ASSIGNMENT: From the data below, set down exactly the lines between the one holding "2 \<le> length ps \<and>" and the one holding "ps ! (length", inclusive, and no others.

┌──

(* Assume the setting in the context. Let $x_i,x_j,x_k\in X$ be distinct, and assume $x_k$ is neither a parent of $x_i$ nor a parent of $x_j$. If there exist $G_1,G_2\in\mathcal G$, $M\subseteq X\setminus\{x_i,x_j\}$ and $N\subseteq X\setminus\{x_i,x_j,x_k\}$ with $x_i-G_1(M)\perp\!\!\!\perp x_j-G_2(N\cup\{x_k\})$, then there exist $G_1',G_2'\in\mathcal G$, $M'\subseteq X\setminus\{x_i,x_j\}$ and $N'\subseteq X\setminus\{x_i,x_j,x_k\}$ with $x_i-G_1'(M')\perp\!\!\!\perp x_j-G_2'(N')$.
   Context: Model: $X$ is a finite set of observed random variables and $U$ a finite set of unobserved random variables; $V=X\cup U$ and $G=(V,E)$ is a DAG on $V$. Each $v_i\in V$ satisfies $v_i=\sum_{x_j\in \mathrm{pa}(v_i)\cap X} f^{(i)}_j(x_j)+\sum_{u_k\in\mathrm{pa}(v_i)\cap U} f^{(i)}_k(u_k)+n_i$, where the $f$'s are nonlinear functions and the external noises $n_i$ are jointly independent. "Parent", "ancestor", "path", "d-separation" refer to $G$ (a path has distinct vertices). Causal Faithfulness Condition (CFC): any conditional independence among variables of $V$ that is not entailed by d-separation in $G$ does not hold. $\perp\!\!\!\perp$ denotes statistical independence, $\not\perp\!\!\!\perp$ dependence. Function class: $\mathcal G$ is a class of generalized additive functions: for $G\in\mathcal G$ and a set $M$ of observed variables, $G(M)=\sum_{x_m\in M} g_m(x_m)$ (with $G(\emptyset)=0$). It satisfies: for any $x_i,x_j\in X$, sets $M,N\subseteq X$, $G_1,G_2\in\mathcal G$ and external noise $n_k$, if $n_k\not\perp\!\!\!\perp x_i-G_1(M)$ and $n_k\not\perp\!\!\!\perp x_j-G_2(N)$ then $x_i-G_1(M)\not\perp\!\!\!\perp x_j-G_2(N)$. Definitions, for $X'\subseteq X$ and $x_i,x_j\in X'$: an unobserved causal path (UCP) from $x_i$ to $x_j$ w.r.t. $X'$ is a directed path $x_i\to\cdots\to v_k\to x_j$ in $G$ with $v_k\notin X'$; an unobserved backdoor path (UBP) between $x_i$ and $x_j$ w.r.t. $X'$ is a path $x_i\leftarrow v_k\leftarrow\cdots\leftarrow v\to\cdots\to v_l\to x_j$ with $v_k,v_l\notin X'$ (allowing $v=v_k$, $v=v_l$, or $v=v_k=v_l$; $v$ may be in $X'$). "UBP/UCP between $x_i$ and $x_j$" means a UBP or a UCP in either direction. $x_j$ is a visible parent of $x_i$ w.r.t. $X'$ if $x_j$ is a parent of $x_i$ and there is no UBP/UCP between them w.r.t. $X'$; $(x_i,x_j)$ is a visible non-edge w.r.t. $X'$ if there is no edge between them and no UBP/UCP between them w.r.t. $X'$; $(x_i,x_j)$ is invisible w.r.t. $X'$ if there is a UBP/UCP between them w.r.t. $X'$. When $X'$ is omitted, $X'=X$. Standing facts (taken as known), for $X'\subseteq X$ and distinct $x_i,x_j\in X'$: (F1) $x_j$ is a visible parent of $x_i$ w.r.t. $X'$ iff [for all $G_1,G_2\in\mathcal G$, $M\subseteq X'\setminus\{x_i,x_j\}$, $N\subseteq X'\setminus\{x_j\}$: $x_i-G_1(M)\not\perp\!\!\!\perp x_j-G_2(N)$] and [there exist $G_1,G_2\in\mathcal G$, $M\subseteq X'\setminus\{x_i\}$, $N\subseteq X'\setminus\{x_i,x_j\}$ with $x_i-G_1(M)\perp\!\!\!\perp x_j-G_2(N)$]. (F2) $(x_i,x_j)$ is a visible non-edge w.r.t. $X'$ iff there exist $G_1,G_2\in\mathcal G$ and $M,N\subseteq X'\setminus\{x_i,x_j\}$ with $x_i-G_1(M)\perp\!\!\!\perp x_j-G_2(N)$. (F3) $(x_i,x_j)$ is invisible w.r.t. $X'$ iff for all $M\subseteq X'\setminus\{x_i\}$, $N\subseteq X'\setminus\{x_j\}$, $G_1,G_2\in\mathcal G$: $x_i-G_1(M)\not\perp\!\!\!\perp x_j-G_2(N)$. *)

theory Defs
  imports "HOL-Probability.Probability"
begin

definition pa :: "('v \<times> 'v) set \<Rightarrow> 'v \<Rightarrow> 'v set" where
  "pa E v = {u. (u, v) \<in> E}"

definition dpath :: "('v \<times> 'v) set \<Rightarrow> 'v list \<Rightarrow> bool" where
  "dpath E ps \<longleftrightarrow> distinct ps \<and> 2 \<le> length ps \<and>
     (\<forall>n. Suc n < length ps \<longrightarrow> (ps ! n, ps ! Suc n) \<in> E)"

definition UCP :: "('v \<times> 'v) set \<Rightarrow> 'v set \<Rightarrow> 'v \<Rightarrow> 'v \<Rightarrow> bool" where
  "UCP E X' a b \<longleftrightarrow> (\<exists>ps. dpath E ps \<and> hd ps = a \<and> last ps = b \<and>
      ps ! (length ps - 2) \<notin> X')"

text \<open>Unobserved backdoor path between a and b w.r.t. X':
  a \<leftarrow> v_k \<leftarrow> ... \<leftarrow> v \<rightarrow> ... \<rightarrow> v_l \<rightarrow> b, v_k, v_l not in X', all vertices distinct.
  It is the concatenation of two directed paths p (from v to a) and q (from v to b)
  sharing only their first vertex v.\<close>
definition UBP :: "('v \<times> 'v) set \<Rightarrow> 'v set \<Rightarrow> 'v \<Rightarrow> 'v \<Rightarrow> bool" where
  "UBP E X' a b \<longleftrightarrow> (\<exists>p q. dpath E p \<and> dpath E q \<and> hd p = hd q \<and>
      set p \<inter> set q = {hd p} \<and> last p = a \<and> last q = b \<and>
      p ! (length p - 2) \<notin> X' \<and> q ! (length q - 2) \<notin> X')"

definition UBP_or_UCP :: "('v \<times> 'v) set \<Rightarrow> 'v set \<Rightarrow> 'v \<Rightarrow> 'v \<Rightarrow> bool" where
  "UBP_or_UCP E X' a b \<longleftrightarrow> UBP E X' a b \<or> UBP E X' b a \<or> UCP E X' a b \<or> UCP E X' b a"

definition visible_parent :: "('v \<times> 'v) set \<Rightarrow> 'v set \<Rightarrow> 'v \<Rightarrow> 'v \<Rightarrow> bool" where
  "visible_parent E X' xj xi \<longleftrightarrow> xj \<in> pa E xi \<and> \<not> UBP_or_UCP E X' xi xj"

definition visible_non_edge :: "('v \<times> 'v) set \<Rightarrow> 'v set \<Rightarrow> 'v \<Rightarrow> 'v \<Rightarrow> bool" where
  "visible_non_edge E X' xi xj \<longleftrightarrow> (xi, xj) \<notin> E \<and> (xj, xi) \<notin> E \<and> \<not> UBP_or_UCP E X' xi xj"

definition invisible :: "('v \<times> 'v) set \<Rightarrow> 'v set \<Rightarrow> 'v \<Rightarrow> 'v \<Rightarrow> bool" where
  "invisible E X' xi xj \<longleftrightarrow> UBP_or_UCP E X' xi xj"

definition upath :: "('v \<times> 'v) set \<Rightarrow> 'v list \<Rightarrow> bool" where
  "upath E ps \<longleftrightarrow> distinct ps \<and> ps \<noteq> [] \<and>
     (\<forall>n. Suc n < length ps \<longrightarrow> (ps ! n, ps ! Suc n) \<in> E \<or> (ps ! Suc n, ps ! n) \<in> E)"

definition collider :: "('v \<times> 'v) set \<Rightarrow> 'v list \<Rightarrow> nat \<Rightarrow> bool" where
  "collider E ps n \<longleftrightarrow> (ps ! (n - 1), ps ! n) \<in> E \<and> (ps ! Suc n, ps ! n) \<in> E"

definition blocked :: "('v \<times> 'v) set \<Rightarrow> 'v set \<Rightarrow> 'v list \<Rightarrow> bool" where
  "blocked E Z ps \<longleftrightarrow> (\<exists>n. 0 < n \<and> Suc n < length ps \<and>
     ((\<not> collider E ps n \<and> ps ! n \<in> Z) \<or>
      (collider E ps n \<and> {w. (ps ! n, w) \<in> E\<^sup>*} \<inter> Z = {})))"

definition d_separated :: "('v \<times> 'v) set \<Rightarrow> 'v set \<Rightarrow> 'v set \<Rightarrow> 'v set \<Rightarrow> bool" where
  "d_separated E A B Z \<longleftrightarrow>
     (\<forall>ps. upath E ps \<and> hd ps \<in> A \<and> last ps \<in> B \<longrightarrow> blocked E Z ps)"

definition gen_alg :: "'w measure \<Rightarrow> ('v \<Rightarrow> 'w \<Rightarrow> real) \<Rightarrow> 'v set \<Rightarrow> 'w measure" where
  "gen_alg M val Z = vimage_algebra (space M) (\<lambda>\<omega>. restrict (\<lambda>v. val v \<omega>) Z) (PiM Z (\<lambda>_. borel))"

definition cond_indep :: "'w measure \<Rightarrow> ('v \<Rightarrow> 'w \<Rightarrow> real) \<Rightarrow> 'v set \<Rightarrow> 'v set \<Rightarrow> 'v set \<Rightarrow> bool" where
  "cond_indep M val A B Z \<longleftrightarrow>
     (\<forall>a \<in> sets (gen_alg M val A). \<forall>b \<in> sets (gen_alg M val B).
        AE \<omega> in M. real_cond_exp M (gen_alg M val Z) (indicator (a \<inter> b)) \<omega> =
           real_cond_exp M (gen_alg M val Z) (indicator a) \<omega> *
           real_cond_exp M (gen_alg M val Z) (indicator b) \<omega>)"

definition indep :: "'w measure \<Rightarrow> ('w \<Rightarrow> real) \<Rightarrow> ('w \<Rightarrow> real) \<Rightarrow> bool" where
  "indep M A B \<longleftrightarrow> prob_space.indep_var M borel A borel B"

definition Gfun :: "('v \<Rightarrow> 'w \<Rightarrow> real) \<Rightarrow> ('v \<Rightarrow> real \<Rightarrow> real) \<Rightarrow> 'v set \<Rightarrow> 'w \<Rightarrow> real" where
  "Gfun val g S = (\<lambda>\<omega>. \<Sum>m\<in>S. g m (val m \<omega>))"

definition resid :: "('v \<Rightarrow> 'w \<Rightarrow> real) \<Rightarrow> 'v \<Rightarrow> ('v \<Rightarrow> real \<Rightarrow> real) \<Rightarrow> 'v set \<Rightarrow> 'w \<Rightarrow> real" where
  "resid val x g S = (\<lambda>\<omega>. val x \<omega> - Gfun val g S \<omega>)"

definition nonlinear :: "(real \<Rightarrow> real) \<Rightarrow> bool" where
  "nonlinear h \<longleftrightarrow> \<not> (\<exists>a b. \<forall>t. h t = a * t + b)"

text \<open>Additive nonlinear SCM with latent variables U = V - X on a DAG (V, E), jointly independent
  external noises, and the causal faithfulness condition.\<close>
definition ANM_model ::
  "'w measure \<Rightarrow> 'v set \<Rightarrow> 'v set \<Rightarrow> ('v \<times> 'v) set \<Rightarrow> ('v \<Rightarrow> 'v \<Rightarrow> real \<Rightarrow> real)
    \<Rightarrow> ('v \<Rightarrow> 'w \<Rightarrow> real) \<Rightarrow> ('v \<Rightarrow> 'w \<Rightarrow> real) \<Rightarrow> bool" where
  "ANM_model M V X E f noise val \<longleftrightarrow>
     prob_space M \<and> finite V \<and> X \<subseteq> V \<and> E \<subseteq> V \<times> V \<and> acyclic E \<and>
     (\<forall>v\<in>V. \<forall>p\<in>pa E v. nonlinear (f v p) \<and> f v p \<in> borel_measurable borel) \<and>
     (\<forall>v\<in>V. noise v \<in> borel_measurable M) \<and>
     prob_space.indep_vars M (\<lambda>_. borel) noise V \<and>
     (\<forall>v\<in>V. \<forall>\<omega>\<in>space M. val v \<omega> = (\<Sum>p\<in>pa E v. f v p (val p \<omega>)) + noise v \<omega>) \<and>
     \<comment> \<open>CFC\<close>
     (\<forall>A B Z. A \<subseteq> V \<and> B \<subseteq> V \<and> Z \<subseteq> V \<and> A \<noteq> {} \<and> B \<noteq> {} \<and>
        A \<inter> B = {} \<and> A \<inter> Z = {} \<and> B \<inter> Z = {} \<and>
        cond_indep M val A B Z \<longrightarrow> d_separated E A B Z)"
lemma not_indecomposable_if_block_diagonal:
  assumes "quasiNil n d \<mu>" "chain_free n d"
    and \<tau>: "bij_betw \<tau> {1..n} {1..n}" "order_compatible n \<tau> d"
    and m: "0 < m" "m < n" and blocks: "block_diagonal n m (relabel \<tau> d)"
  shows "\<not> indecomposable n d \<mu>"
proof -
  define e where "e = relabel \<tau> d"
  define e2 where "e2 i j = e (i + m) (j + m)" for i j
  have "chain_free n e"
    unfolding e_def using assms(2) \<tau>(1) by (intro chain_free_relabel) (auto dest: bij_betwE)
  then have "quasiNil m e zero_mu" "quasiNil (n - m) e2 zero_mu"
    unfolding e2_def using m chain_free_mono chain_free_shift quasiNil_zero_mu by simp_all
  moreover have "equivalent n d \<mu> (dsum_d m e e2) (dsum_mu m zero_mu zero_mu)"
    unfolding dsum_mu_zero_mu
  proof (rule equivalent_relabel[OF \<tau>(1) assms(1,2) \<tau>(2)], intro ballI impI)
    fix p q assume "p \<in> {1..n}" "q \<in> {1..n}" "p < q"
    then show "dsum_d m e e2 p q = relabel \<tau> d p q"
      using blocks unfolding block_diagonal_def dsum_d_def e2_def e_def by auto
  qed
  moreover have "n = m + (n - m)" "0 < n - m"
    using m by simp_all
  ultimately show ?thesis
    unfolding indecomposable_def using m(1) by blast
qed

definition connected_support :: "nat \<Rightarrow> dimfam \<Rightarrow> bool" where
  "connected_support n d \<longleftrightarrow> (\<forall>b :: nat \<Rightarrow> bool.
     (\<forall>i\<in>{1..n}. \<forall>j\<in>{1..n}. i < j \<and> d i j \<noteq> 0 \<longrightarrow> b i = b j) \<longrightarrow>
     (\<forall>i\<in>{1..n}. \<forall>j\<in>{1..n}. b i = b j))"

lemma equivalent_obtains_renumbering:
  assumes "equivalent n d \<mu> d' \<mu>'"
  obtains \<sigma> where "bij_betw \<sigma> {1..n} {1..n}"
    "\<forall>i\<in>{1..n}. \<forall>j\<in>{1..n}. i < j \<and> d i j \<noteq> 0 \<longrightarrow> \<sigma> i < \<sigma> j \<and> d' (\<sigma> i) (\<sigma> j) \<noteq> 0"
proof -
  obtain \<sigma> \<phi> where renumbering: "renumbering n d \<sigma>"
    and \<phi>: "\<forall>i j. 1 \<le> i \<and> i < j \<and> j \<le> n \<longrightarrow>
        linear_on (renum_d n \<sigma> d i j) (d' i j) (\<phi> i j) \<and>
        bij_betw (\<phi> i j) (vecs (renum_d n \<sigma> d i j)) (vecs (d' i j)) \<and>
        (\<forall>x\<in>vecs (renum_d n \<sigma> d i j). nrm (d' i j) (\<phi> i j x) = nrm (renum_d n \<sigma> d i j) x)"
    using assms unfolding equivalent_def isomorphic_def by (elim exE conjE) blast
  have \<sigma>: "bij_betw \<sigma> {1..n} {1..n}"
    using renumbering unfolding renumbering_def by blast
  moreover have "\<forall>i\<in>{1..n}. \<forall>j\<in>{1..n}. i < j \<and> d i j \<noteq> 0 \<longrightarrow> \<sigma> i < \<sigma> j \<and> d' (\<sigma> i) (\<sigma> j) \<noteq> 0"
  proof (intro ballI impI)
    fix i j assume "i \<in> {1..n}" "j \<in> {1..n}" "i < j \<and> d i j \<noteq> 0"
    then have ij: "i \<in> {1..n}" "j \<in> {1..n}" "i < j" "d i j \<noteq> 0" by auto
    have "\<sigma> i < \<sigma> j" "\<sigma> i \<in> {1..n}" "\<sigma> j \<in> {1..n}"
      using ij renumbering \<sigma> unfolding renumbering_def by (auto dest: bij_betwE)
    moreover have "renum_d n \<sigma> d (\<sigma> i) (\<sigma> j) = d i j"
      using ij \<sigma> by (simp add: renum_d_def bij_betw_inv_into_left)
    ultimately show "\<sigma> i < \<sigma> j \<and> d' (\<sigma> i) (\<sigma> j) \<noteq> 0"
      using \<phi> ij bij_betw_same_card card_vecs by (metis atLeastAtMost_iff one_neq_zero)
  qed
  ultimately show thesis
    using that by blast
qed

└──

RESULT BELOW:
  "dpath E ps \<longleftrightarrow> distinct ps \<and> 2 \<le> length ps \<and>
     (\<forall>n. Suc n < length ps \<longrightarrow> (ps ! n, ps ! Suc n) \<in> E)"

definition UCP :: "('v \<times> 'v) set \<Rightarrow> 'v set \<Rightarrow> 'v \<Rightarrow> 'v \<Rightarrow> bool" where
  "UCP E X' a b \<longleftrightarrow> (\<exists>ps. dpath E ps \<and> hd ps = a \<and> last ps = b \<and>
      ps ! (length ps - 2) \<notin> X')"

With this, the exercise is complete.